▶ **Exercise**
Please work out how many lines include the word "ballI" in the entries, and reply with only the count.

- Opening Delimiter -

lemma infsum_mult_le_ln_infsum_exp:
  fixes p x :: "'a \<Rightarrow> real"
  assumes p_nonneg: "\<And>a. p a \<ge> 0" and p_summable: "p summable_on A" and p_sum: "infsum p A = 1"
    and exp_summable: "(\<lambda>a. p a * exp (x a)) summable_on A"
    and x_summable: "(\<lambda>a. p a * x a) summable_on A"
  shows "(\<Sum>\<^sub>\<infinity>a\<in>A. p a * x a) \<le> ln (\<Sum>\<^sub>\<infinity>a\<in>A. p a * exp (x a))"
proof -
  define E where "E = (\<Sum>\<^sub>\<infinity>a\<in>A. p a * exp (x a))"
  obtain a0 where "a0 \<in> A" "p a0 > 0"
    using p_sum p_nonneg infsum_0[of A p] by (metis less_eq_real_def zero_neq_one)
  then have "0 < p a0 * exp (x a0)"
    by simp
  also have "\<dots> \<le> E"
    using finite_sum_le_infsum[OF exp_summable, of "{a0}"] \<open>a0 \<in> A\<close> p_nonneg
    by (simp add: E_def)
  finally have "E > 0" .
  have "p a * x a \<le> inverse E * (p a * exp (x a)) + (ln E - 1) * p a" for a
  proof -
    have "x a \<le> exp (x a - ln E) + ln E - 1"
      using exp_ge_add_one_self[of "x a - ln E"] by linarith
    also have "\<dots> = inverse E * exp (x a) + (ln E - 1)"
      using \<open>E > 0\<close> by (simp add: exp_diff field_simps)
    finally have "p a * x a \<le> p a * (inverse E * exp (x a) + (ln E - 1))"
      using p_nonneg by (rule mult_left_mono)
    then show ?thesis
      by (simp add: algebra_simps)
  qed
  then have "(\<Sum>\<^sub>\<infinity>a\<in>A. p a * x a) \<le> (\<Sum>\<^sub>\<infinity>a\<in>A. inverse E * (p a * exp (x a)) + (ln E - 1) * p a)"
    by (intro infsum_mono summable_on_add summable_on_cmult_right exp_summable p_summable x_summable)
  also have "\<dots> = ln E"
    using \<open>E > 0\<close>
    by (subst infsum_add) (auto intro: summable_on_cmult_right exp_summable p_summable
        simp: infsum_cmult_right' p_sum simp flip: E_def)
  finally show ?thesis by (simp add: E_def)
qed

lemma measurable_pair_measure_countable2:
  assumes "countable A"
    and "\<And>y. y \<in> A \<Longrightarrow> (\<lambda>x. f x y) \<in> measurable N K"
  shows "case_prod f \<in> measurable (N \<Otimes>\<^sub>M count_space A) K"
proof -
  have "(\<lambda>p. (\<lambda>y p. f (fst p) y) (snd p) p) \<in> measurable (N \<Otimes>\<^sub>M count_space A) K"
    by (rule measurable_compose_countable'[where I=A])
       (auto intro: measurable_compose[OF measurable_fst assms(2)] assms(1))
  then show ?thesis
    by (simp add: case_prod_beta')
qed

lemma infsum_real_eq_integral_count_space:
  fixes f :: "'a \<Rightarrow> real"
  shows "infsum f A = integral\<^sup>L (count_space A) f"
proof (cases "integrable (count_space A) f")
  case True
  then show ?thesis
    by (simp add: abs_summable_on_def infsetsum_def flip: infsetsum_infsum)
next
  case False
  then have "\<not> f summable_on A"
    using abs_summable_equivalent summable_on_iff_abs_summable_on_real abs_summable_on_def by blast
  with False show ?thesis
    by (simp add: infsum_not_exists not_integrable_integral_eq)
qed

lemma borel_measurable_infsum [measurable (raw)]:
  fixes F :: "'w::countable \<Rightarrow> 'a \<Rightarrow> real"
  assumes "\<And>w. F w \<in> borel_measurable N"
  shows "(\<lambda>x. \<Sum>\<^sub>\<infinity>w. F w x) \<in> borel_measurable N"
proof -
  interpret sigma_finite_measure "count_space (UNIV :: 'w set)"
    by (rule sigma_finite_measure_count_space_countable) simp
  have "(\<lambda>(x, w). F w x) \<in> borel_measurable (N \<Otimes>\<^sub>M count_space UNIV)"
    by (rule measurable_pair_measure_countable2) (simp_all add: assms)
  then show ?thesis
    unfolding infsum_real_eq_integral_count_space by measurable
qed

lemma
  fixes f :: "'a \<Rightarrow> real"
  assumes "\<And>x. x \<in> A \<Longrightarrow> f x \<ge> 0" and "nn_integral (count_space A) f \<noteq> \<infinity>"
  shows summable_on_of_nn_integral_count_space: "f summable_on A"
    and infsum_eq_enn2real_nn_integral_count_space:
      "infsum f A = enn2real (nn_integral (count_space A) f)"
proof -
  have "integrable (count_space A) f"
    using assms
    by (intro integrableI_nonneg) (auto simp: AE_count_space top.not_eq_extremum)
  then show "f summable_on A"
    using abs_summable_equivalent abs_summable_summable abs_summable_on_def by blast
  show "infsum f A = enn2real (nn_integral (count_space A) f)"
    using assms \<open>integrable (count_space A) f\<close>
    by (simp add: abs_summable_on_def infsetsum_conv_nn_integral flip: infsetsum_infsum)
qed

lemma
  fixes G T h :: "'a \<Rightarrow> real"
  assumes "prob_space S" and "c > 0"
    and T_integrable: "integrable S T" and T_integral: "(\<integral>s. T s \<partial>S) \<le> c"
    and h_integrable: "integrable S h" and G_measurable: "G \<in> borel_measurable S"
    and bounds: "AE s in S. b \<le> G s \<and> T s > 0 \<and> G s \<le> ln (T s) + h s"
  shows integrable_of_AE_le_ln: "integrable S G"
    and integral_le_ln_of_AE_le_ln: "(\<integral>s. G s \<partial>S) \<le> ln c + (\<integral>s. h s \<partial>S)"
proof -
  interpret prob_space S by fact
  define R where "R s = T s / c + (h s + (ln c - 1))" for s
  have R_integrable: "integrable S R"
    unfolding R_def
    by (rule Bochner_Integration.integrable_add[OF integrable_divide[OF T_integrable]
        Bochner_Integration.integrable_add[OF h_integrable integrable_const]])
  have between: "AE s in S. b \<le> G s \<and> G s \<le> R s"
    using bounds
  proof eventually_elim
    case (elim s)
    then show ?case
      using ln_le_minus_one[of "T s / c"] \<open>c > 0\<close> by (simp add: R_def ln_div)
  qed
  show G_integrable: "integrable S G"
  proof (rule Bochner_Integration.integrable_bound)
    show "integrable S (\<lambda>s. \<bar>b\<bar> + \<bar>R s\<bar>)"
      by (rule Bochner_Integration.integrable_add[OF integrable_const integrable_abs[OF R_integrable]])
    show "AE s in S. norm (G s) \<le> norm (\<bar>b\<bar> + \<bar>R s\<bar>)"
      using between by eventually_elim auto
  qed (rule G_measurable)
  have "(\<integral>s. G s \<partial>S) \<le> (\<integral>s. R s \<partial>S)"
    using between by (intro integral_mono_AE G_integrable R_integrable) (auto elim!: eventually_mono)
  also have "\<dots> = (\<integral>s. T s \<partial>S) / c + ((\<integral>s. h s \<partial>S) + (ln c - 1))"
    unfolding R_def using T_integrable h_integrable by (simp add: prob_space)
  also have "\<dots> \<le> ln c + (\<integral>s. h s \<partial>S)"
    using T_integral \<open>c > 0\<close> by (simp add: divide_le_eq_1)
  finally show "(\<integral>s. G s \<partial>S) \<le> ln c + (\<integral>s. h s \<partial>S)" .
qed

- Closing Delimiter -
- Opening Delimiter -

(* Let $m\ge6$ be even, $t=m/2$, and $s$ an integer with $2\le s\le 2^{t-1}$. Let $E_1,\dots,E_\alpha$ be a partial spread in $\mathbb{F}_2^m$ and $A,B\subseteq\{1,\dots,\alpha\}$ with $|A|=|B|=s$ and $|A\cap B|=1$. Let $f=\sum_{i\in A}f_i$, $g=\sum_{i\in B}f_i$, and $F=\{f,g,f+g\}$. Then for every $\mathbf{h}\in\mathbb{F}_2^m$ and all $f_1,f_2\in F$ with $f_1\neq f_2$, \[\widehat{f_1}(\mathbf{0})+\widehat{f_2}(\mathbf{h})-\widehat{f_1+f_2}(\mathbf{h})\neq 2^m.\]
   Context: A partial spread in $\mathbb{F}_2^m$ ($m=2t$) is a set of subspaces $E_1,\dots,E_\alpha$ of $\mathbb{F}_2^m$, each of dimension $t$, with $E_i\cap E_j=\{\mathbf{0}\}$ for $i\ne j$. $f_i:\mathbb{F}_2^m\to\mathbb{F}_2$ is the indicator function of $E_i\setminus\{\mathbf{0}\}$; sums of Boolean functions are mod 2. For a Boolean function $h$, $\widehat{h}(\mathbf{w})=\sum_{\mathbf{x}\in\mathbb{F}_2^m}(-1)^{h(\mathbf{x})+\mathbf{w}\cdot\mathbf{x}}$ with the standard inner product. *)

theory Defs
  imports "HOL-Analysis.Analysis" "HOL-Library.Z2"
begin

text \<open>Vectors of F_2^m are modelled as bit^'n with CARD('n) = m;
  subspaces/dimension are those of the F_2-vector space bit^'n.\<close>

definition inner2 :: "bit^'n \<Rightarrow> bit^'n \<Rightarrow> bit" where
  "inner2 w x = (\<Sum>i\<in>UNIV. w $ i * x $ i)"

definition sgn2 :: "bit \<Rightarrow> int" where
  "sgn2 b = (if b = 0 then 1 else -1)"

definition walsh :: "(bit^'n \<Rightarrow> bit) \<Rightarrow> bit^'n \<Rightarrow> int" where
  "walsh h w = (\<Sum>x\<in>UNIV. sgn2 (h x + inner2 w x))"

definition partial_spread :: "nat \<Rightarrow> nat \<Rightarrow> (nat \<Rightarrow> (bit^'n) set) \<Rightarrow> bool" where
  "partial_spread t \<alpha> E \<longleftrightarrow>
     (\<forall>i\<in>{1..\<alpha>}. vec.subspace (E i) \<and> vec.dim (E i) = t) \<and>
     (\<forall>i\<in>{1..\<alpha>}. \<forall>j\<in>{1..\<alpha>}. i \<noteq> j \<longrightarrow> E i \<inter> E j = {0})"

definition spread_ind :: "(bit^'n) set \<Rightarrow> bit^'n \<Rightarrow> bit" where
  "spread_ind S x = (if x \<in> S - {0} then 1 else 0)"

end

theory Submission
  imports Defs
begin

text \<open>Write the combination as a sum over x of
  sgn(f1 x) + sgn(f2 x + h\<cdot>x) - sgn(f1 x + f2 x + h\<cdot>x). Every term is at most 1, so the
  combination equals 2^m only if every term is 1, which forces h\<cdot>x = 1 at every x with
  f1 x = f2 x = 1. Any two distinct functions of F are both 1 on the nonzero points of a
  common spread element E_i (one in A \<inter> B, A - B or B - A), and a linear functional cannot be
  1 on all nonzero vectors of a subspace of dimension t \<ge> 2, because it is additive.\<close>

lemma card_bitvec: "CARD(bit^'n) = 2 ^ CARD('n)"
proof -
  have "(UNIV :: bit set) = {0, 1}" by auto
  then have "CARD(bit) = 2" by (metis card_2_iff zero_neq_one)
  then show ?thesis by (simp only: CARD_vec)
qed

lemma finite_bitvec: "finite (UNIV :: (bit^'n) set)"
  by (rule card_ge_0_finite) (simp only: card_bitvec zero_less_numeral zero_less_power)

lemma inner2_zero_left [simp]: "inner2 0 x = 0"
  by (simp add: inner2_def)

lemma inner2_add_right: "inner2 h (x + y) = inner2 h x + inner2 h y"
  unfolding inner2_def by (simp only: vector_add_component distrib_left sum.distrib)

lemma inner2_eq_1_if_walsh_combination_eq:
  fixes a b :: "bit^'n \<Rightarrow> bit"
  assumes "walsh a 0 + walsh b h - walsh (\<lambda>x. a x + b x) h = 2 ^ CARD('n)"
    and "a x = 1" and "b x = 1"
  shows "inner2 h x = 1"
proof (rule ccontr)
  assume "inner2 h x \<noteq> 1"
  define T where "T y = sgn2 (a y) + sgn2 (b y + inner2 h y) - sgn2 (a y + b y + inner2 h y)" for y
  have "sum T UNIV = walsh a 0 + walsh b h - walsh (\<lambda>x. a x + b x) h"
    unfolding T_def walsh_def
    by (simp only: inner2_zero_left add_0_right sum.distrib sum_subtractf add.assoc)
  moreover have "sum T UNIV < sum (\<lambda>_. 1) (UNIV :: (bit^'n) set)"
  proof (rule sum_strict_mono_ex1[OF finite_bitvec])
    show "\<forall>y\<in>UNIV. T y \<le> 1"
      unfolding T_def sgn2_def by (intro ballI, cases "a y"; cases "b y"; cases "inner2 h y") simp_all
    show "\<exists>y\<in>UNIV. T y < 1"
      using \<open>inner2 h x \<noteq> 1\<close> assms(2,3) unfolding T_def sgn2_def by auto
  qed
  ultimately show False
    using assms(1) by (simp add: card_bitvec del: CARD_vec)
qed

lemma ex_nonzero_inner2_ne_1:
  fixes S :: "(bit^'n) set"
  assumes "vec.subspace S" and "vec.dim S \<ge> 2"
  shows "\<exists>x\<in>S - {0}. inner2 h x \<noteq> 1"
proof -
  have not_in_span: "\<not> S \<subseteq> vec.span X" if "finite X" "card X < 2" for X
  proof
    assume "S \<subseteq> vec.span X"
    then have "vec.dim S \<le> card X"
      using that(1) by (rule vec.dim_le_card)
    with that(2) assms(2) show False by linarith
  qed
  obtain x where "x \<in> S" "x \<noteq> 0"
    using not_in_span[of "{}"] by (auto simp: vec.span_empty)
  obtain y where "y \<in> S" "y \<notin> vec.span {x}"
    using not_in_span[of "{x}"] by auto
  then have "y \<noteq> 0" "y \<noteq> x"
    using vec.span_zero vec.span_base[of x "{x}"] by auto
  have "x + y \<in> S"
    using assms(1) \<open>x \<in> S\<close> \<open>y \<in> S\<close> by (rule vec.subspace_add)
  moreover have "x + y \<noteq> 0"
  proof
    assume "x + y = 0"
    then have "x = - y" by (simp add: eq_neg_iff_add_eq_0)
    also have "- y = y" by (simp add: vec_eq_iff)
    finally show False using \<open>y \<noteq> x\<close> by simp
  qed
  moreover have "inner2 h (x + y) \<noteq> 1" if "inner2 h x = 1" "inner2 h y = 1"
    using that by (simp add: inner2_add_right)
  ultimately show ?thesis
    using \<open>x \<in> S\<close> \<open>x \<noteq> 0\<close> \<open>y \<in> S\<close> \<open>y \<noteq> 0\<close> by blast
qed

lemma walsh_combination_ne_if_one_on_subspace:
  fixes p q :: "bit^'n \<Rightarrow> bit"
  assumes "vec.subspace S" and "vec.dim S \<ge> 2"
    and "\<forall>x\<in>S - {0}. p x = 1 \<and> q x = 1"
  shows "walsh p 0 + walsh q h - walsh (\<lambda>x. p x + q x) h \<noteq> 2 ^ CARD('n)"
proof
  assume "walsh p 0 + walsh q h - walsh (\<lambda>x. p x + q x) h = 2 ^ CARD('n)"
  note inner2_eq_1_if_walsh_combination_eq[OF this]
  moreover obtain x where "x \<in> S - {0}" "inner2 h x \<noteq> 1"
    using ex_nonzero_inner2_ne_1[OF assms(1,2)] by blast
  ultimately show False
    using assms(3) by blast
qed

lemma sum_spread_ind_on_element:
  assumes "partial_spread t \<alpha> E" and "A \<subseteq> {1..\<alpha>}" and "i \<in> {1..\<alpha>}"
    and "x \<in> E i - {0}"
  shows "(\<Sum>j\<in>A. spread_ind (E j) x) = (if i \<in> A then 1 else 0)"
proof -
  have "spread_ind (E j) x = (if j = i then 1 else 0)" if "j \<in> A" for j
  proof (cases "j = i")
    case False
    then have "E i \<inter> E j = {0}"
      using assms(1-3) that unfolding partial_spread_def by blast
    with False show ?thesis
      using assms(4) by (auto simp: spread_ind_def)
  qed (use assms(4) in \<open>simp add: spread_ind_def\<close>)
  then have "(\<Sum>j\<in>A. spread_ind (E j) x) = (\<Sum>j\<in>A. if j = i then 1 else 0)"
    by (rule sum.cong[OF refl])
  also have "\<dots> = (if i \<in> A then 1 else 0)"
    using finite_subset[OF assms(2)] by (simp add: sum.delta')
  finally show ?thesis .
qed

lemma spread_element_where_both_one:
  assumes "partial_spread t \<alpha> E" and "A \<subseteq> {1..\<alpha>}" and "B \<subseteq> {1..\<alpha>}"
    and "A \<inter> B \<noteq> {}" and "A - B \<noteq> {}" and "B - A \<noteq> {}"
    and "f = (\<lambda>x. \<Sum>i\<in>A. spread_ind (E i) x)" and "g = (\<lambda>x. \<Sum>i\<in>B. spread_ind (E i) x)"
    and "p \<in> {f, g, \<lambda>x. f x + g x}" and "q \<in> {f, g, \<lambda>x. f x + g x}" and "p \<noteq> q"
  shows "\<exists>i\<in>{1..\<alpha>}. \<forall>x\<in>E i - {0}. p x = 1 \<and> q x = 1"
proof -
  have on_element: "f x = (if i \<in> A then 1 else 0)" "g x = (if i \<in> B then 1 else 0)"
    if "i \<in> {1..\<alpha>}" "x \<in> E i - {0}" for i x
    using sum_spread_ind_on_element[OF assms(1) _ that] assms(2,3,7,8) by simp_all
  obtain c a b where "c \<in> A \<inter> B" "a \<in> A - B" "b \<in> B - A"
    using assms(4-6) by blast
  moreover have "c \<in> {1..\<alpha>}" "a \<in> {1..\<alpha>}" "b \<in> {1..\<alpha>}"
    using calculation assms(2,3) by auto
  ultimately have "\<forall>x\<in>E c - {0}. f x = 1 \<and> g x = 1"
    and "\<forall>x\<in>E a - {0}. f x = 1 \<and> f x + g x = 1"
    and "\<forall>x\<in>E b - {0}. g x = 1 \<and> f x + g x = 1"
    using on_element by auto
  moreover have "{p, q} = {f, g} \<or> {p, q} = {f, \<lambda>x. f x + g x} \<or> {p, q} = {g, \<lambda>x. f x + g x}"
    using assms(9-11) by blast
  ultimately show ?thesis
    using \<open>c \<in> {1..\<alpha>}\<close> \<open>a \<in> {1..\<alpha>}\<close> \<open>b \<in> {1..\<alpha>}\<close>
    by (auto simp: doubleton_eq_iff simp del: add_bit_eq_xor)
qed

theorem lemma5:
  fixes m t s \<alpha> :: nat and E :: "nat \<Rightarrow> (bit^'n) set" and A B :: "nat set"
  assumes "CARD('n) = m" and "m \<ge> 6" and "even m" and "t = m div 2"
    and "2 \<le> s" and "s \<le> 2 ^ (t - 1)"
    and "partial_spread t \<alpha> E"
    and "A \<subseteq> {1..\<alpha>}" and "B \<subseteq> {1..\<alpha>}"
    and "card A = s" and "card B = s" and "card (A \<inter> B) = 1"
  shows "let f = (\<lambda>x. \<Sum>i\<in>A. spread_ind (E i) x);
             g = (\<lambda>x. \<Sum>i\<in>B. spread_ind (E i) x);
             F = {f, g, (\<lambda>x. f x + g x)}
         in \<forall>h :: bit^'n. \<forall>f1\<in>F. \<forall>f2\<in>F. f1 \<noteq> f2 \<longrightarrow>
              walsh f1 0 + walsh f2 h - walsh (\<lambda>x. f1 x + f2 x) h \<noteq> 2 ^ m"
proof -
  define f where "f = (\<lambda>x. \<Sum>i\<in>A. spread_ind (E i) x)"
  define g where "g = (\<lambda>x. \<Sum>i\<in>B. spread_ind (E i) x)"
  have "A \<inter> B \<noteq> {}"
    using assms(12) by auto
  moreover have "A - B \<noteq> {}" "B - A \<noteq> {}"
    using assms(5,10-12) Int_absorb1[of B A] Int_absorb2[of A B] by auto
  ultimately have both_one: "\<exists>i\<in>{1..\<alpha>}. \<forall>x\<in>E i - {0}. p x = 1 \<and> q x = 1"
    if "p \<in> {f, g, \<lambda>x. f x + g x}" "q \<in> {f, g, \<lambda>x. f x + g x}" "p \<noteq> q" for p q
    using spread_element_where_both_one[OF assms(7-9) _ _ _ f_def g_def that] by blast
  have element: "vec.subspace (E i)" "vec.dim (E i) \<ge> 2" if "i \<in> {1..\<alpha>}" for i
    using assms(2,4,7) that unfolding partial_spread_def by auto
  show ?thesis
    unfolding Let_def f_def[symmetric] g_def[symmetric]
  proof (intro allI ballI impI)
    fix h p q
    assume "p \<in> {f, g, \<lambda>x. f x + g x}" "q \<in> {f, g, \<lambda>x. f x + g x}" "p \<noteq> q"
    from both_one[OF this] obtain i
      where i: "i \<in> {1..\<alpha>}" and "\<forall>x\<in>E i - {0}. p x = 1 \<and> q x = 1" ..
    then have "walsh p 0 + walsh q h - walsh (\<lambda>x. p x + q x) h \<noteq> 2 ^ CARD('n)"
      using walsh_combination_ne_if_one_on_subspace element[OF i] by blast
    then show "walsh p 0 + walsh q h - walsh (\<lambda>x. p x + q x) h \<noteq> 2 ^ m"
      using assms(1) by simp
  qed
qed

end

- Closing Delimiter -

▶ **Response to this exercise**
2